Songs From the North Depicts North Korea in an Approachable Light

by

In Songs From the North, the South Korean–born, U.S.-based filmmaker Soon-Mi Yoo takes her camera to North Korea and, through a purposeful mix of on-location footage, poetic intertitles (“Is North Korea the loneliest place on Earth?”), and archival media, creates an empathetic snapshot of a country that is almost never depicted in such an accessible light.

Indeed, Yoo’s emphasis on capturing the everyday in this heavily censored state is so rare and extraordinary that her subjects can’t help but comment on it: “You really are filming everything!” a man says as a long take lingers on his teary-eyed face. Later, a woman asks, “Of all things, why film me cleaning?” and Yoo’s response to an offscreen spectator — “Isn’t she pretty?” — betrays her heartfelt investment in the human faces she documents. Yoo’s main interview subject is her father, to whom Songs is dedicated. (The camera has a lively back-and-forth rapport with him: Whenever he leans forward or backward, Yoo has to adjust the focus.)
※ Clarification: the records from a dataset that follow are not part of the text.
(* If $T\in\mathcal{O}_H'(\mathbb{R}^d)$, then for every $\varphi\in\mathcal{D}(\mathbb{R}^d)$ the function $y\mapsto T_x(\varphi(xy))$, $y\in\mathbb{R}_*^d$, extends to a function in $C^\infty(\mathbb{R}^d)$.
   Context: $\mathbb{R}_*=\mathbb{R}\setminus\{0\}$; $xy$ is the coordinatewise product (for $y\in\mathbb{R}_*^d$, $x\mapsto\varphi(xy)$ has compact support). Euler derivatives: $\theta_j=x_j\partial_j$, $\theta^\beta=\theta_1^{\beta_1}\cdots\theta_d^{\beta_d}$. $\mathcal{O}_H'(\mathbb{R}^d)$ is the set of $T\in\mathcal{D}'(\mathbb{R}^d)$ such that for every $k\in\mathbb{N}_0$ there are finitely many measurable functions $t_\beta$ with $(1+|x|^2)^{k/2}t_\beta\in L_\infty(\mathbb{R}^d)$ and $T=\sum_\beta\theta^\beta t_\beta$ in the sense of distributions. *)

theory Defs
  imports "HOL-Analysis.Analysis"
begin

text \<open>Functions on R^d are modelled on the type real^'d ('d a finite index type);
 the coordinatewise product x*y is the product of the vec type.\<close>

definition partial :: "'d::finite \<Rightarrow> (real^'d \<Rightarrow> complex) \<Rightarrow> real^'d \<Rightarrow> complex" where
  "partial j f x = vector_derivative (\<lambda>t. f (x + t *\<^sub>R axis j 1)) (at 0)"

definition pderivs :: "'d::finite list \<Rightarrow> (real^'d \<Rightarrow> complex) \<Rightarrow> real^'d \<Rightarrow> complex" where
  "pderivs js f = foldr partial js f"

definition smooth_fun :: "(real^'d::finite \<Rightarrow> complex) \<Rightarrow> bool" where
  "smooth_fun f \<longleftrightarrow> (\<forall>js::'d list. continuous_on UNIV (pderivs js f) \<and>
      (\<forall>j x. (\<lambda>t::real. pderivs js f (x + t *\<^sub>R axis j 1)) differentiable (at 0)))"

definition test_fun :: "(real^'d::finite \<Rightarrow> complex) \<Rightarrow> bool" where
  "test_fun \<phi> \<longleftrightarrow> smooth_fun \<phi> \<and> compact (closure {x. \<phi> x \<noteq> 0})"

definition test_conv :: "(nat \<Rightarrow> real^'d::finite \<Rightarrow> complex) \<Rightarrow> (real^'d \<Rightarrow> complex) \<Rightarrow> bool" where
  "test_conv \<phi>s \<phi> \<longleftrightarrow> (\<forall>n. test_fun (\<phi>s n)) \<and> test_fun \<phi> \<and>
     (\<exists>K. compact K \<and> (\<forall>n. {x. \<phi>s n x \<noteq> 0} \<subseteq> K)) \<and>
     (\<forall>js::'d list. uniform_limit UNIV (\<lambda>n. pderivs js (\<phi>s n)) (pderivs js \<phi>) sequentially)"

text \<open>A distribution: a (sequentially) continuous linear functional on D(R^d);
 only its values on test functions are relevant.\<close>
definition distribution :: "((real^'d::finite \<Rightarrow> complex) \<Rightarrow> complex) \<Rightarrow> bool" where
  "distribution T \<longleftrightarrow>
     (\<forall>\<phi> \<psi> a b. test_fun \<phi> \<longrightarrow> test_fun \<psi> \<longrightarrow>
        T (\<lambda>x. a * \<phi> x + b * \<psi> x) = a * T \<phi> + b * T \<psi>) \<and>
     (\<forall>\<phi>s \<phi>. test_conv \<phi>s \<phi> \<longrightarrow> (\<lambda>n. T (\<phi>s n)) \<longlonglongrightarrow> T \<phi>)"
But the film is enriched by Yoo’s juxtaposition of these contemporary faces with media from the past. North Korean movies (1968’s Sea of Blood, 1987’s Bellflower, 1989’s Traces of Life) and television broadcasts of theater performances trace a history of propaganda designed to inspire bone-deep loyalty and cement the Kims as irrefutably compassionate parental figures. It’s representative of Yoo’s complex approach that a patently manipulative propaganda piece of children on a stage weeping and singing of their devotion (“Truly, my father, my mother, is my dear Marshal Kim Jong Un!”) comes across as stunningly emotional, the performers’ wailing voices — not to mention the waterworks in the audience — registering as profoundly strange, immediate, and real.

Songs, which screens as the opening-night selection at this year’s Migrating Forms, will be followed by a night of short works from the impressive video artist Rachel Rose, including A Minute Ago, which opens with a two-minute glimpse of an out-of-nowhere hailstorm, and Sitting Feeding Sleeping, which looks at animals in various states of captivity and decay. These videos are linked by an aggressive montage sensibility, fusing different forms of media with a mysterious, engrossing soundscape. (The opening noises of Sitting are still playing on a loop in my head.)